I remember a playful delight over the idea of school. I remember youthful excitement and enthusiasm over learning. I remember thoughts, mullings really, wondering if there was more for me than the blind compliance hiding a quiet rebellion and masked by a façade of happiness worn by the elder peers I looked up to. I remember a dramatic move away from all I’d ever known around the age of twelve. I remember the unknown turmoil in being faced with the possibility of being fatherless. I remember hope. Hope in a renewed youthful excitement and enthusiasm over learning. I remember the day when I realized that it wasn’t so much the lessons I took such great delight in as the teachers who delivered them.

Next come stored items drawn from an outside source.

(* Introduce on $\mathbb R^2$ the coordinates $(\rho,\varphi)$ with $\varphi=2\pi t/T\in S^1$, $T=4\pi/f'(r_0)$, and $\rho\ge0$ defined by $\rho^2=4f(r)/f'(r_0)^2$, so that $\mathring g=\rho^2d\varphi^2+\frac{f'(r_0)^2}{f'(r(\rho))^2}d\rho^2+r(\rho)^2h_K$. Consider the one-parameter family $\mu\mapsto\mathring g_\mu$ of such metrics, written in the fixed coordinates $(\rho,\varphi,x)$ ($x\in N$), and the symmetric tensor $\frac{d\mathring g_\mu}{d\mu}$. Then $\frac{d\mathring g_\mu}{d\mu}\in L^2(M,\mathring g_\mu)$ if and only if $\frac{d}{d\mu}\big(f'(r_0)\big)=0$. This happens if and only if $K=1$ and $\mu=\mu_c:=\frac{n}{n+1}\big(\ell\sqrt{\tfrac{n-1}{n+1}}\big)^{n-1}$ (equivalently $r_0=\ell\sqrt{\frac{n-1}{n+1}}$); for $K\in\{0,-1\}$ the variation is never in $L^2$.
   Context: Fix an integer $n\ge2$, constants $\ell>0$, $K\in\{-1,0,1\}$, $\mu\in\mathbb R$. Let $(N,h_K)$ be a closed $n$-dimensional Riemannian manifold of constant sectional curvature $K$. Set $f(r)=\frac{r^2}{\ell^2}+K-\frac{2\mu}{r^{n-1}}$. Assume $\mu>0$ if $K\in\{0,1\}$ and $\mu>\mu_{\min}:=-\frac{1}{n+1}\big(\frac{n+1}{\ell^2(n-1)}\big)^{\frac{1-n}{2}}$ if $K=-1$; then $f$ has a largest positive zero $r_0$ (depending on $\mu$), which is simple, and $f>0$, $f'>0$ on $(r_0,\infty)$. The Riemannian Kottler metric is $\mathring g=f(r)\,dt^2+f(r)^{-1}dr^2+r^2h_K$ on $M=\mathbb R^2\times N$, $r\in[r_0,\infty)$, $t$ periodic with period $4\pi/f'(r_0)$, $(r,t)$ polar-type coordinates on $\mathbb R^2$ centred at $r=r_0$. *)

theory Defs
  imports "HOL-Analysis.Analysis"
begin

definition kf :: "nat \<Rightarrow> real \<Rightarrow> int \<Rightarrow> real \<Rightarrow> real \<Rightarrow> real" where
  "kf n l K mu r = r^2 / l^2 + real_of_int K - 2 * mu / r^(n-1)"

definition mu_min :: "nat \<Rightarrow> real \<Rightarrow> real" where
  "mu_min n l = - (1 / (real n + 1)) * ((real n + 1) / (l^2 * (real n - 1))) powr ((1 - real n) / 2)"

definition mu_crit :: "nat \<Rightarrow> real \<Rightarrow> real" where
  "mu_crit n l = (real n / (real n + 1)) * (l * sqrt ((real n - 1) / (real n + 1))) ^ (n - 1)"

definition admissible :: "nat \<Rightarrow> real \<Rightarrow> int \<Rightarrow> real \<Rightarrow> bool" where
  "admissible n l K mu \<longleftrightarrow>
     (K \<in> {0, 1} \<longrightarrow> mu > 0) \<and> (K = -1 \<longrightarrow> mu > mu_min n l)"

definition kr0 :: "nat \<Rightarrow> real \<Rightarrow> int \<Rightarrow> real \<Rightarrow> real" where
  "kr0 n l K mu = (GREATEST r. r > 0 \<and> kf n l K mu r = 0)"

definition fp0 :: "nat \<Rightarrow> real \<Rightarrow> int \<Rightarrow> real \<Rightarrow> real" where
  "fp0 n l K mu = deriv (kf n l K mu) (kr0 n l K mu)"

definition krho :: "nat \<Rightarrow> real \<Rightarrow> int \<Rightarrow> real \<Rightarrow> real \<Rightarrow> real" where
  "krho n l K mu r = 2 * sqrt (kf n l K mu r) / fp0 n l K mu"

definition kr_of_rho :: "nat \<Rightarrow> real \<Rightarrow> int \<Rightarrow> real \<Rightarrow> real \<Rightarrow> real" where
  "kr_of_rho n l K mu rho = (THE r. r \<ge> kr0 n l K mu \<and> krho n l K mu r = rho)"

text \<open>Metric in the fixed coordinates (rho, phi, x):
  g = rho^2 dphi^2 + A(rho) drho^2 + B(rho) h_K with
  A = f'(r0)^2 / f'(r(rho))^2 and B = r(rho)^2.\<close>
definition gA :: "nat \<Rightarrow> real \<Rightarrow> int \<Rightarrow> real \<Rightarrow> real \<Rightarrow> real" where
  "gA n l K mu rho = (fp0 n l K mu)^2 / (deriv (kf n l K mu) (kr_of_rho n l K mu rho))^2"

There is no comparing my story to that of Jan Amos Comenius. There is a certain thread in the thoughts and remembrances listed above that runs throughout his story as well. If I were desperate, I could pull out old nicknames and remind you that I once was called Amos in my younger days. If I were to point that out, I would of course fail to mention that it had nothing to do with the fact that I was “loving” as it did in Comenius’ case, but rather by the fact that I knew that Amos was a book in the Old Testament when no other of my peers did, and I never failed to remind them of my superior knowledge. Or, on another point of feigned comparison, I could recollect the fact that my paternal grandfather’s side of the family has deep Moravian roots stemming back to the founding of Old Salem in North Carolina. But if I were to point that out, I would of course fail to mention the fact that while my grandfather does have Moravian roots, the only real connection he has that I have found thus far with Old Salem—apart from living there—I fictitiously made up after reading the back of a Moravian Sugar Cake loaf giving a brief history of the Moravians settlement in Salem.
Let’s face it. My feeble attempt to connect my lineage to that of Jan Amos Comenius has thus far rivaled every Confederate-loving Southern American’s claim to be a direct descendant of William Wallace. And yet I continue my search along the genealogical and footnote trail knowing that one day I will be bettered by the search even to simply call Comenius a spiritual and educational ancestor.